Collected data:
***

(* Let $Q:\mathbb{R}^d\to\mathbb{R}$ be continuous with $|Q|$ positive homogeneous, with unital level set $S=\{\eta:|Q(\eta)|=1\}$ and homogeneous order $\mu$. Let $\mathcal U$ be an open neighborhood of $0$ and $\widetilde Q\in C^2(\mathcal U;\mathbb{R})$. Given $E\in\mathrm{Exp}(Q)$, set $F=E/\mu$ and $f_{n,y,\eta}(\theta)=Q(\theta^F\eta)+n\widetilde Q(n^{-E}\theta^F\eta)+y\cdot(\theta^F\eta)$ for $n\in\mathbb{N}_+$, $y\in\mathbb{R}^d$, $\eta\in S$, $\theta>0$ with $n^{-E}\theta^F\eta\in\mathcal U$. If $\mu<1$ and $\widetilde Q$ is strongly subhomogeneous with respect to $E$ of order $2$, then for each compact $K\subseteq\mathbb{R}^d$ there exist $\delta>0$ and $\theta_0\ge1$ such that, for every $n\in\mathbb{N}_+$ with $\theta_0\le(n\delta)^\mu$, $\theta\mapsto\partial_\theta f_{n,y,\eta}(\theta)$ is defined and monotonic on $[\theta_0,(n\delta)^\mu]$ and $|\partial_\theta f_{n,y,\eta}(\theta)|\ge\frac{1}{2\mu}\theta^{1/\mu-1}$ for all $\theta_0\le\theta\le(n\delta)^\mu$, $y\in K$, $\eta\in S$.
   Context: For $E\in\mathrm{End}(\mathbb{R}^d)$, $t>0$, $t^E:=\exp(\log(t)E)$. $P$ homogeneous w.r.t. $E$: $P(t^E\xi)=tP(\xi)$ for all $t>0,\xi$; $\mathrm{Exp}(P)$ = set of such $E$. Positive homogeneous: real, continuous, positive definite ($\ge0$, zero only at $0$), $\mathrm{Exp}(P)\ne\emptyset$, $\{P=1\}$ compact; homogeneous order $\mathrm{tr}E$ for $E\in\mathrm{Exp}(P)$. For continuous real $Q$ with $|Q|$ positive homogeneous, $\mathrm{Exp}(Q)=\mathrm{Exp}(|Q|)$. Given $E$ with $\lim_{t\to0}\|t^E\|=0$, a function $\widetilde Q\in C^l$ near $0$ is strongly subhomogeneous w.r.t. $E$ of order $l$ if for each $\epsilon>0$ and compact $K$ there is $\tau>0$ with $|t^k\partial_t^k\widetilde Q(t^E\xi)|\le\epsilon t$ for all $k\in\{0,\dots,l\}$, $0<t<\tau$, $\xi\in K$. *)

theory Defs
  imports "HOL-Analysis.Analysis"
begin

text \<open>Endomorphisms of R^d are modelled as linear maps E :: 'a \<Rightarrow> 'a on a
  Euclidean space 'a (dimension d = DIM('a)).\<close>

definition tpow :: "real \<Rightarrow> ('a::euclidean_space \<Rightarrow> 'a) \<Rightarrow> 'a \<Rightarrow> 'a" where
  "tpow t E \<xi> = (\<Sum>k. ((ln t) ^ k / fact k) *\<^sub>R (E ^^ k) \<xi>)"

definition trace_op :: "('a::euclidean_space \<Rightarrow> 'a) \<Rightarrow> real" where
  "trace_op E = (\<Sum>b\<in>Basis. inner (E b) b)"

definition homogeneous_wrt :: "('a::euclidean_space \<Rightarrow> real) \<Rightarrow> ('a \<Rightarrow> 'a) \<Rightarrow> bool" where
  "homogeneous_wrt P E \<longleftrightarrow> (\<forall>t>0. \<forall>\<xi>. P (tpow t E \<xi>) = t * P \<xi>)"

definition Exps :: "('a::euclidean_space \<Rightarrow> real) \<Rightarrow> ('a \<Rightarrow> 'a) set" where
  "Exps P = {E. linear E \<and> homogeneous_wrt P E}"
lemma word_within_dual0_if_rows_dependent:
  assumes U: "U \<subseteq> {..<n}" and "rows_dependent U G0 l"
  shows "word_within n (dual0 n l G0) (d0 n l G0) U"
proof -
  obtain x where nz: "\<exists>i\<in>U. x i \<noteq> 0" and orth: "\<forall>j<l. (\<Sum>i\<in>U. x i * G0 i j) = 0"
    using assms(2) unfolding rows_dependent_def by blast
  define x' where "x' i = (if i \<in> U then x i else 0)" for i
  have "(\<Sum>i<n. G0 i j * x' i) = (\<Sum>i\<in>U. x i * G0 i j)" for j
  proof -
    have "(\<Sum>i<n. G0 i j * x' i) = (\<Sum>i\<in>{..<n}. if i \<in> U then x i * G0 i j else 0)"
      by (intro sum.cong) (auto simp: x'_def)
    also have "\<dots> = (\<Sum>i\<in>U. x i * G0 i j)"
      using U by (simp add: sum.If_cases Int_absorb1)
    finally show ?thesis .
  qed
  with U orth have "x' \<in> dual0 n l G0" by (auto simp: dual0_def vecs_def x'_def)
  moreover have "\<exists>i. x' i \<noteq> 0" using nz by (auto simp: x'_def)
  moreover have "supp n x' \<subseteq> U" by (auto simp: supp_def x'_def)
  ultimately show ?thesis unfolding word_within_def using d0_le_hw by blast
qed

lemma word_within_code_if_dec_fail:
  assumes "dec_fail n k l G1 G0 ({..<n} - E) y"
  shows "word_within n (code n k l G1 G0) (d1 n k l G1 G0) E"
proof -
  obtain x1 x2 where x: "x1 \<in> vecs (k + l)" "x2 \<in> vecs (k + l)"
    and y: "\<forall>i\<in>{..<n} - E. mv n (k + l) (catm k G1 G0) x1 i = y i"
           "\<forall>i\<in>{..<n} - E. mv n (k + l) (catm k G1 G0) x2 i = y i"
    and j: "\<exists>j<k. x1 j \<noteq> x2 j"
    using assms unfolding dec_fail_def by blast
  define x where "x j = x1 j + x2 j" for j
  define c where "c = mv n (k + l) (catm k G1 G0) x"
  define m' where "m' j = (if j < k then x j else 0)" for j
  define d' where "d' j = (if j < l then x (j + k) else 0)" for j
  have c0: "c i = 0" if "i < n" "i \<notin> E" for i
  proof -
    have "c i = mv n (k + l) (catm k G1 G0) x1 i + mv n (k + l) (catm k G1 G0) x2 i"
      unfolding c_def x_def by (simp only: mv_add)
    with y that show ?thesis by simp
  qed
  have "\<exists>i. m' i \<noteq> 0"
  proof -
    obtain j where "j < k" "x1 j \<noteq> x2 j" using j by blast
    then have "m' j \<noteq> 0" by (simp add: m'_def x_def bit_add_eq_0_iff del: add_bit_eq_xor)
    then show ?thesis ..
  qed
  have "x \<in> vecs (k + l)" using x by (simp add: vecs_def x_def)
  then have "c \<in> code n k l G1 G0" by (simp add: code_def c_def)
  moreover have "supp n c \<subseteq> E" unfolding supp_def using c0 by blast
  moreover have "d1 n k l G1 G0 \<le> hw n c"
    unfolding c_def mv_catm m'_def[symmetric] d'_def[symmetric]
    using \<open>\<exists>i. m' i \<noteq> 0\<close> by (rule d1_le_hw[rotated]) (simp_all add: vecs_def m'_def d'_def)
  ultimately show ?thesis unfolding word_within_def by blast
qed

***

• [Aim of the task]: Every line in the entries above that has the word "tpow" should be identified and copied.

• [Answer for this exercise]:
definition tpow :: "real \<Rightarrow> ('a::euclidean_space \<Rightarrow> 'a) \<Rightarrow> 'a \<Rightarrow> 'a" where
  "tpow t E \<xi> = (\<Sum>k. ((ln t) ^ k / fact k) *\<^sub>R (E ^^ k) \<xi>)"
  "homogeneous_wrt P E \<longleftrightarrow> (\<forall>t>0. \<forall>\<xi>. P (tpow t E \<xi>) = t * P \<xi>)"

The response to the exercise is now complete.